lemma Cauchy_if_square_dist_le_inverse:
  fixes f :: "nat \<Rightarrow> 'a::real_normed_vector"
  assumes "0 \<le> c" and le: "\<And>m n. (norm (f m - f n))\<^sup>2 \<le> c * (inverse (real (Suc m)) + inverse (real (Suc n)))"
  shows "Cauchy f"
proof (rule metric_CauchyI)
  fix e :: real assume e: "e > 0"
  obtain N :: nat where N: "2 * c / e\<^sup>2 < real N" using reals_Archimedean2 by blast
  have "dist (f m) (f n) < e" if "m \<ge> N" "n \<ge> N" for m n
  proof -
    have "inverse (real (Suc k)) \<le> inverse (real (Suc N))" if "k \<ge> N" for k
      using that by (intro le_imp_inverse_le) auto
    then have "inverse (real (Suc m)) + inverse (real (Suc n)) \<le> 2 * inverse (real (Suc N))"
      using that by (smt (verit))
    then have "c * (inverse (real (Suc m)) + inverse (real (Suc n))) \<le> c * (2 * inverse (real (Suc N)))"
      by (rule mult_left_mono) fact
    then have "(norm (f m - f n))\<^sup>2 \<le> c * (2 * inverse (real (Suc N)))"
      using le[of m n] by linarith
    also have "\<dots> = 2 * c / real (Suc N)" by (simp add: field_simps)
    also have "\<dots> < e\<^sup>2"
    proof -
      have "2 * c < e\<^sup>2 * real N" using N e by (simp add: field_simps)
      also have "\<dots> \<le> e\<^sup>2 * real (Suc N)" by (intro mult_left_mono) auto
      finally show ?thesis by (simp add: field_simps)
    qed
    finally show ?thesis using e by (simp add: dist_norm power_less_imp_less_base)
  qed
  then show "\<exists>M. \<forall>m\<ge>M. \<forall>n\<ge>M. dist (f m) (f n) < e" by blast
qed

lemma nearest_point_exists:
  fixes M :: "'a::chilbert set"
  assumes cl: "closed M" and cvx: "convex M" and ne: "M \<noteq> {}"
  shows "\<exists>m\<in>M. \<forall>y\<in>M. norm (x - m) \<le> norm (x - y)"
proof -
  define d where "d = Inf ((\<lambda>y. norm (x - y)) ` M)"
  have dle: "d \<le> norm (x - y)" if "y \<in> M" for y
    unfolding d_def by (intro cInf_lower bdd_belowI[of _ 0]) (use that in auto)
  have d0: "0 \<le> d"
    unfolding d_def using ne by (intro cInf_greatest) auto
  define eps where "eps n = inverse (real (Suc n))" for n
  have eps: "0 < eps n" "eps n \<le> 1" for n
    unfolding eps_def by (auto simp: field_simps)
  have "\<exists>y\<in>M. norm (x - y) < d + eps n" for n
    using cInf_lessD[of "(\<lambda>y. norm (x - y)) ` M" "d + eps n"] ne eps(1)[of n]
    unfolding d_def by auto
  then obtain ys where ys: "\<And>n. ys n \<in> M" "\<And>n. norm (x - ys n) < d + eps n"
    by metis
  have sq: "(norm (x - ys k))\<^sup>2 \<le> d\<^sup>2 + (2 * d + 1) * eps k" for k
  proof -
    have "(norm (x - ys k))\<^sup>2 \<le> (d + eps k)\<^sup>2"
      using ys(2)[of k] by (intro power_mono) auto
    also have "\<dots> \<le> d\<^sup>2 + (2 * d + 1) * eps k"
      using eps[of k] d0 by (simp add: power2_eq_square algebra_simps)
    finally show ?thesis .
  qed
  have bnd: "(norm (ys n - ys m))\<^sup>2 \<le> (4 * d + 2) * (eps n + eps m)" for n m
  proof -
    have "scaleR (1/2) (ys n + ys m) \<in> M"
      using convexD[OF cvx ys(1) ys(1), of "1/2" "1/2" n m] by (simp add: scaleR_add_right)
    then have "d\<^sup>2 \<le> (norm (x - scaleR (1/2) (ys n + ys m)))\<^sup>2"
      using dle d0 by (intro power_mono) auto
    then show ?thesis
      using sq[of n] sq[of m] unfolding parallelogram_midpoint[of "ys n" "ys m" x]
      by (simp add: algebra_simps)
  qed
  have "Cauchy ys"
    using bnd d0 unfolding eps_def by (intro Cauchy_if_square_dist_le_inverse[of "4 * d + 2"]) auto
  then obtain m where lim: "ys \<longlonglongrightarrow> m" using Cauchy_convergent_iff convergent_def by blast
  have "m \<in> M" using closed_sequentially[OF cl _ lim] ys(1) by blast
  moreover have "norm (x - m) \<le> d"
  proof (rule LIMSEQ_le)
    show "(\<lambda>n. norm (x - ys n)) \<longlonglongrightarrow> norm (x - m)" by (intro tendsto_intros lim)
    show "(\<lambda>n. d + eps n) \<longlonglongrightarrow> d"
      using tendsto_add[OF tendsto_const LIMSEQ_inverse_real_of_nat, of d] by (simp add: eps_def)
    show "\<exists>N. \<forall>n\<ge>N. norm (x - ys n) \<le> d + eps n"
      using ys(2) less_imp_le by blast
  qed
  ultimately show ?thesis using dle by force
qed

lemma nearest_point_orthogonal:
  assumes sub: "csubspace M" and m: "m \<in> M" and near: "\<And>y. y \<in> M \<Longrightarrow> norm (x - m) \<le> norm (x - y)"
    and y: "y \<in> M"
  shows "cinner y (x - m) = 0"
proof -
  \<comment> \<open>otherwise moving from \<open>m\<close> by a small multiple of \<open>c y\<close> brings us closer to \<open>x\<close>\<close>
  define z where "z = x - m"
  define c where "c = cinner y z"
  define ep where "ep = inverse ((norm y)\<^sup>2 + 1)"
  have ep: "0 < ep" "ep * (norm y)\<^sup>2 < 1"
    unfolding ep_def by (auto simp: field_simps add_pos_nonneg)
  define t where "t = complex_of_real ep * c"
  have "m + scaleC t y \<in> M" using csubspace_add[OF sub m csubspace_scaleC[OF sub y]] .
  then have "(norm z)\<^sup>2 \<le> (norm (z - scaleC t y))\<^sup>2"
    using near unfolding z_def by (simp add: diff_diff_eq power_mono)
  also have "\<dots> = (norm z)\<^sup>2 + (ep * cmod c * norm y)\<^sup>2 - 2 * (ep * (cmod c)\<^sup>2)"
  proof -
    have "cinner z (scaleC t y) = complex_of_real ep * (c * cnj c)"
      using cinner_commute[of z y] by (simp add: cinner_scaleC_right t_def c_def)
    then have "Re (cinner z (scaleC t y)) = ep * (cmod c)\<^sup>2"
      by (simp only: complex_norm_square[symmetric] of_real_mult[symmetric] Re_complex_of_real)
    moreover have "cmod t = ep * cmod c"
      unfolding t_def using ep by (simp add: norm_mult)
    ultimately show ?thesis by (simp add: norm_diff_square norm_scaleC)
  qed
  finally have "2 * ep * (cmod c)\<^sup>2 \<le> ep * (cmod c)\<^sup>2 * (ep * (norm y)\<^sup>2)"
    by (simp add: power_mult_distrib power2_eq_square mult_ac)
  also have "\<dots> \<le> ep * (cmod c)\<^sup>2 * 1" using ep by (intro mult_left_mono) auto
  finally have "(cmod c)\<^sup>2 \<le> 0" using ep by (simp add: field_simps)
  then show ?thesis unfolding c_def z_def by simp
qed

[The task]: Only the lines above starting with the one with "define c where" and going through the one with "csubspace_scaleC[OF sub y]] ." are to be copied, word for word and with both ends kept.

[Reply]:
  define c where "c = cinner y z"
  define ep where "ep = inverse ((norm y)\<^sup>2 + 1)"
  have ep: "0 < ep" "ep * (norm y)\<^sup>2 < 1"
    unfolding ep_def by (auto simp: field_simps add_pos_nonneg)
  define t where "t = complex_of_real ep * c"
  have "m + scaleC t y \<in> M" using csubspace_add[OF sub m csubspace_scaleC[OF sub y]] .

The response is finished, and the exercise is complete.